Action item
Where a line holds the word "metis", copy that line from the data below.

Records supplied

lemma exists_le_sum_eq:
  fixes f :: "'a \<Rightarrow> nat"
  assumes "finite A" "k \<le> sum f A"
  obtains g where "\<forall>x\<in>A. g x \<le> f x" "sum g A = k"
  using assms
proof (induction A arbitrary: k thesis rule: finite_induct)
  case empty
  then show ?case by simp
next
  case (insert a A)
  obtain g where g: "\<forall>x\<in>A. g x \<le> f x" "sum g A = min k (sum f A)"
    using insert.IH[of "min k (sum f A)"] by auto
  have "k - min k (sum f A) \<le> f a" using insert.prems(2) insert.hyps by simp
  moreover have "sum (g(a := k - min k (sum f A))) A = sum g A"
    using insert.hyps(2) by (intro sum.cong) auto
  ultimately show ?case
    using insert.prems(1)[of "g(a := k - min k (sum f A))"] g insert.hyps by auto
qed

lemma strict_total_order_sorted_list:
  assumes "finite Q"
    "\<And>a b c. a \<in> Q \<Longrightarrow> b \<in> Q \<Longrightarrow> c \<in> Q \<Longrightarrow> r a b \<Longrightarrow> r b c \<Longrightarrow> r a c"
    "\<And>a b. a \<in> Q \<Longrightarrow> b \<in> Q \<Longrightarrow> a \<noteq> b \<Longrightarrow> r a b \<or> r b a"
    "\<And>a. a \<in> Q \<Longrightarrow> \<not> r a a"
  obtains xs where "set xs = Q" "sorted_wrt r xs"
  using assms
proof (induction Q arbitrary: thesis rule: finite_induct)
  case empty
  then show ?case by simp
next
  case (insert x F)
  have F: "\<And>a b c. a \<in> F \<Longrightarrow> b \<in> F \<Longrightarrow> c \<in> F \<Longrightarrow> r a b \<Longrightarrow> r b c \<Longrightarrow> r a c"
    "\<And>a b. a \<in> F \<Longrightarrow> b \<in> F \<Longrightarrow> a \<noteq> b \<Longrightarrow> r a b \<or> r b a"
    "\<And>a. a \<in> F \<Longrightarrow> \<not> r a a"
    using insert.prems(2-4) by blast+
  obtain xs where xs: "set xs = F" "sorted_wrt r xs"
    by (rule insert.IH[OF _ F(1) F(2) F(3)])
  define ys where "ys = filter (\<lambda>y. r y x) xs @ x # filter (\<lambda>y. r x y) xs"
  have "r y x \<or> r x y" if "y \<in> F" for y
    using insert.prems(3)[of y x] insert.hyps(2) that by blast
  then have "set ys = insert x F"
    unfolding ys_def using xs(1) by auto
  moreover have "sorted_wrt r ys"
  proof -
    have "r a c" if "a \<in> F" "c \<in> F" "r a x" "r x c" for a c
      using insert.prems(2) that by blast
    then show ?thesis
      unfolding ys_def using xs by (simp add: sorted_wrt_append sorted_wrt_filter)
  qed
  ultimately show ?case using insert.prems(1) by blast
qed

lemma sorted_wrt_irrefl_distinct: "sorted_wrt r xs \<Longrightarrow> \<forall>x\<in>set xs. \<not> r x x \<Longrightarrow> distinct xs"
  by (induction xs) auto

section \<open>Gluing trees at a vertex\<close>

lemma graph_on_edge:
  assumes "graph_on V E" "e \<in> E"
  obtains a b where "e = {a, b}" "a \<noteq> b" "a \<in> V" "b \<in> V"
  using assms unfolding graph_on_def by blast

lemma graph_on_edge_subset: "graph_on V E \<Longrightarrow> e \<in> E \<Longrightarrow> e \<subseteq> V"
  by (metis empty_subsetI graph_on_edge insert_subset)

lemma finite_edges: "finite V \<Longrightarrow> graph_on V E \<Longrightarrow> finite E"
  by (meson Pow_iff finite_Pow_iff finite_subset graph_on_edge_subset subsetI)

lemma is_cycle_iff:
  "is_cycle E xs \<longleftrightarrow> 3 \<le> length xs \<and> distinct xs \<and>
     (\<forall>i<length xs. adj E (xs ! i) (xs ! (Suc i mod length xs)))"
proof (cases "3 \<le> length xs")
  case True
  then have "xs \<noteq> []" by auto
  then have "0 < length xs" "last xs = xs ! (length xs - 1)" "hd xs = xs ! 0"
    by (auto simp: last_conv_nth hd_conv_nth)
  then show ?thesis
    unfolding is_cycle_def using all_mod_successor_iff[of "length xs" "\<lambda>i j. adj E (xs ! i) (xs ! j)"]
    by simp
qed (simp add: is_cycle_def)

lemma cycle_vertices: "is_cycle E xs \<Longrightarrow> graph_on V E \<Longrightarrow> set xs \<subseteq> V"
  unfolding is_cycle_iff adj_def
  by (smt (verit) graph_on_edge_subset in_set_conv_nth insert_subset subsetI)

lemma adj_mono: "T \<subseteq> T' \<Longrightarrow> adj T u v \<Longrightarrow> adj T' u v"
  unfolding adj_def by blast

text \<open>
  Along the cycle, an edge of T1 can only be followed by an edge of T2 at a vertex of
  Y \<inter> Z, that is at c = xs ! p; so the edges met from position p onwards stay in T1.
\<close>

lemma cycle_within_side:
  assumes cyc: "is_cycle (T1 \<union> T2) xs" and g1: "graph_on Y T1" and g2: "graph_on Z T2"
    and YZ: "Y \<inter> Z \<subseteq> {c}" and p: "p < length xs" "c \<in> set xs \<Longrightarrow> xs ! p = c"
    and start: "{xs ! p, xs ! (Suc p mod length xs)} \<in> T1"
  shows "is_cycle T1 xs"
proof -
  let ?n = "length xs"
  define E where "E i = {xs ! i, xs ! (Suc i mod ?n)}" for i
  have dist: "distinct xs" and adj: "\<forall>i<?n. adj (T1 \<union> T2) (xs ! i) (xs ! (Suc i mod ?n))"
    using cyc unfolding is_cycle_iff by auto
  have "E i \<in> T1" if "i < ?n" for i
  proof (rule cyclic_invariant[where P = "\<lambda>i. E i \<in> T1", OF p(1) _ _ that])
    show "E p \<in> T1" using start unfolding E_def .
  next
    fix i assume i: "i < ?n" and "E i \<in> T1" and ne: "Suc i mod ?n \<noteq> p"
    let ?j = "Suc i mod ?n"
    have "0 < ?n" using i by linarith
    then have j: "?j < ?n" by simp
    show "E ?j \<in> T1"
    proof (rule ccontr)
      assume "E ?j \<notin> T1"
      then have "E ?j \<in> T2" using adj j unfolding E_def adj_def by blast
      then have "xs ! ?j \<in> Z" using graph_on_edge_subset[OF g2] unfolding E_def by blast
      moreover have "xs ! ?j \<in> Y" using graph_on_edge_subset[OF g1 \<open>E i \<in> T1\<close>] unfolding E_def by blast
      ultimately have "xs ! ?j = xs ! p" using YZ p(2) j by (metis IntI nth_mem singletonD subsetD)
      then show False using ne dist j p(1) by (simp add: nth_eq_iff_index_eq)
    qed
  qed
  then show ?thesis
    using cyc adj unfolding is_cycle_iff E_def adj_def by blast
qed

lemma cycle_split:
  assumes cyc: "is_cycle (T1 \<union> T2) xs" and g1: "graph_on Y T1" and g2: "graph_on Z T2"
    and YZ: "Y \<inter> Z \<subseteq> {c}"
  shows "is_cycle T1 xs \<or> is_cycle T2 xs"
proof -
  have len: "0 < length xs" using cyc unfolding is_cycle_def by auto
  obtain p where p: "p < length xs" "c \<in> set xs \<Longrightarrow> xs ! p = c"
  proof (cases "c \<in> set xs")
    case True
    then show ?thesis using that by (metis in_set_conv_nth)
  next
    case False
    then show ?thesis using that len by blast
  qed
  have "{xs ! p, xs ! (Suc p mod length xs)} \<in> T1 \<union> T2"
    using cyc p(1) unfolding is_cycle_iff adj_def by blast
  moreover have "is_cycle T2 xs" if "{xs ! p, xs ! (Suc p mod length xs)} \<in> T2"
    using cycle_within_side[of T2 T1 xs Z Y c p] cyc g1 g2 YZ p that by (simp add: Un_commute Int_commute)
  ultimately show ?thesis using cycle_within_side[OF cyc g1 g2 YZ p] by blast
qed

lemma edges_disjoint_glue:
  assumes "graph_on Y T1" "graph_on Z T2" "Y \<inter> Z = {c}"
  shows "T1 \<inter> T2 = {}"
proof -
  have False if e1: "e \<in> T1" and e2: "e \<in> T2" for e
  proof -
    obtain a b where ab: "e = {a, b}" "a \<noteq> b" "a \<in> Y" "b \<in> Y"
      by (rule graph_on_edge[OF assms(1) e1])
    moreover have "e \<subseteq> Z" by (rule graph_on_edge_subset[OF assms(2) e2])
    ultimately have "a \<in> Y \<inter> Z" "b \<in> Y \<inter> Z" by auto
    then show False using assms(3) ab(2) by simp
  qed
  then show ?thesis by blast
qed

lemma graph_on_Un: "graph_on Y T1 \<Longrightarrow> graph_on Z T2 \<Longrightarrow> graph_on (Y \<union> Z) (T1 \<union> T2)"
  unfolding graph_on_def by fast

lemma connected_graph_Un:
  assumes "connected_graph Y T1" "connected_graph Z T2" "c \<in> Y" "c \<in> Z"
  shows "connected_graph (Y \<union> Z) (T1 \<union> T2)"
proof -
  have mono: "(adj T)\<^sup>*\<^sup>* u v \<Longrightarrow> (adj (T1 \<union> T2))\<^sup>*\<^sup>* u v" if "T \<subseteq> T1 \<union> T2" for T u v
    using rtranclp_mono[of "adj T" "adj (T1 \<union> T2)"] adj_mono[OF that] by blast
  have "(adj (T1 \<union> T2))\<^sup>*\<^sup>* v c \<and> (adj (T1 \<union> T2))\<^sup>*\<^sup>* c v" if "v \<in> Y \<union> Z" for v
  proof (cases "v \<in> Y")
    case True
    then show ?thesis using assms(1,3) mono[of T1] unfolding connected_graph_def by blast
  next
    case False
    then show ?thesis using that assms(2,4) mono[of T2] unfolding connected_graph_def by blast
  qed
  then show ?thesis
    unfolding connected_graph_def by (meson rtranclp_trans)
qed

lemma is_tree_glue:
  assumes t1: "is_tree Y T1" and t2: "is_tree Z T2" and YZ: "Y \<inter> Z = {c}"
  shows "is_tree (Y \<union> Z) (T1 \<union> T2)"
proof -
  have g1: "graph_on Y T1" and g2: "graph_on Z T2" using t1 t2 unfolding is_tree_def by auto
  have "\<not> is_cycle (T1 \<union> T2) xs" for xs
    using cycle_split[OF _ g1 g2, where c = c] YZ t1 t2 unfolding is_tree_def acyclic_graph_def by blast
  then show ?thesis
    using graph_on_Un[OF g1 g2] connected_graph_Un[of Y T1 Z T2 c] t1 t2 YZ
    unfolding is_tree_def acyclic_graph_def by blast
qed

lemma is_tree_edge:
  assumes "a \<noteq> b"
  shows "is_tree {a, b} {{a, b}}"
proof -
  have g: "graph_on {a, b} {{a, b}}" using assms unfolding graph_on_def by blast
  moreover have "connected_graph {a, b} {{a, b}}"
    using assms unfolding connected_graph_def adj_def by (auto simp: insert_commute)
  moreover have "\<not> is_cycle {{a, b}} xs" for xs
  proof
    assume c: "is_cycle {{a, b}} xs"
    then have "length xs = card (set xs)" "3 \<le> length xs" unfolding is_cycle_def by (auto simp: distinct_card)
    moreover have "card (set xs) \<le> card {a, b}"
      using cycle_vertices[OF c g] by (intro card_mono) auto
    then have "card (set xs) \<le> 2" using assms by simp
    ultimately show False by simp
  qed
  ultimately show ?thesis unfolding is_tree_def acyclic_graph_def by blast
qed

lemma is_tree_singleton: "is_tree {c} {}"
  unfolding is_tree_def graph_on_def connected_graph_def acyclic_graph_def is_cycle_def adj_def
  by auto

lemma degree_Un_disjoint:
  assumes "finite T1" "finite T2" "T1 \<inter> T2 = {}"
  shows "degree (T1 \<union> T2) x = degree T1 x + degree T2 x"
proof -
  have "{e \<in> T1 \<union> T2. x \<in> e} = {e \<in> T1. x \<in> e} \<union> {e \<in> T2. x \<in> e}" by blast
  then show ?thesis unfolding degree_def using assms by (simp add: card_Un_disjoint disjoint_iff)
qed

lemma degree_outside:
  assumes "graph_on V E" "x \<notin> V"
  shows "degree E x = 0"
proof -
  have "{e \<in> E. x \<in> e} = {}" using graph_on_edge_subset[OF assms(1)] assms(2) by blast
  then show ?thesis unfolding degree_def by (simp only: card.empty)
qed

lemma degree_single_edge: "x \<in> {a, b} \<Longrightarrow> degree {{a, b}} x = 1"
proof -
  assume "x \<in> {a, b}"
  then have "{e \<in> {{a, b}}. x \<in> e} = {{a, b}}" by auto
  then show ?thesis unfolding degree_def by simp
qed

section \<open>Orientation in the plane\<close>

definition cross2 :: "point \<Rightarrow> point \<Rightarrow> real" where
  "cross2 a b = a$1 * b$2 - a$2 * b$1"

lemma cross2_antisym: "cross2 b a = - cross2 a b"
  unfolding cross2_def by simp

lemma cross2_self [simp]: "cross2 a a = 0"
  unfolding cross2_def by simp

lemma cross2_zero_right [simp]: "cross2 a 0 = 0"
  unfolding cross2_def by simp

lemma cross2_add_left: "cross2 (a + b) c = cross2 a c + cross2 b c"
  unfolding cross2_def by (simp add: algebra_simps)

lemma cross2_affine_right:
  assumes "u + v = 1"
  shows "cross2 d (u *\<^sub>R x + v *\<^sub>R y - c) = u * cross2 d (x - c) + v * cross2 d (y - c)"
proof -
  have v: "v = 1 - u" using assms by simp
  show ?thesis unfolding cross2_def v by (simp add: algebra_simps)
qed

lemma cross2_shift_origin: "cross2 (q - u) (y - q) = - cross2 (y - u) (q - u)"
  unfolding cross2_def by (simp add: algebra_simps)

lemma cross2_diff_commute: "cross2 (u - q) v = - cross2 (q - u) v"
  unfolding cross2_def by (simp add: algebra_simps)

Problem solution
  by (metis empty_subsetI graph_on_edge insert_subset)
      ultimately have "xs ! ?j = xs ! p" using YZ p(2) j by (metis IntI nth_mem singletonD subsetD)
    then show ?thesis using that by (metis in_set_conv_nth)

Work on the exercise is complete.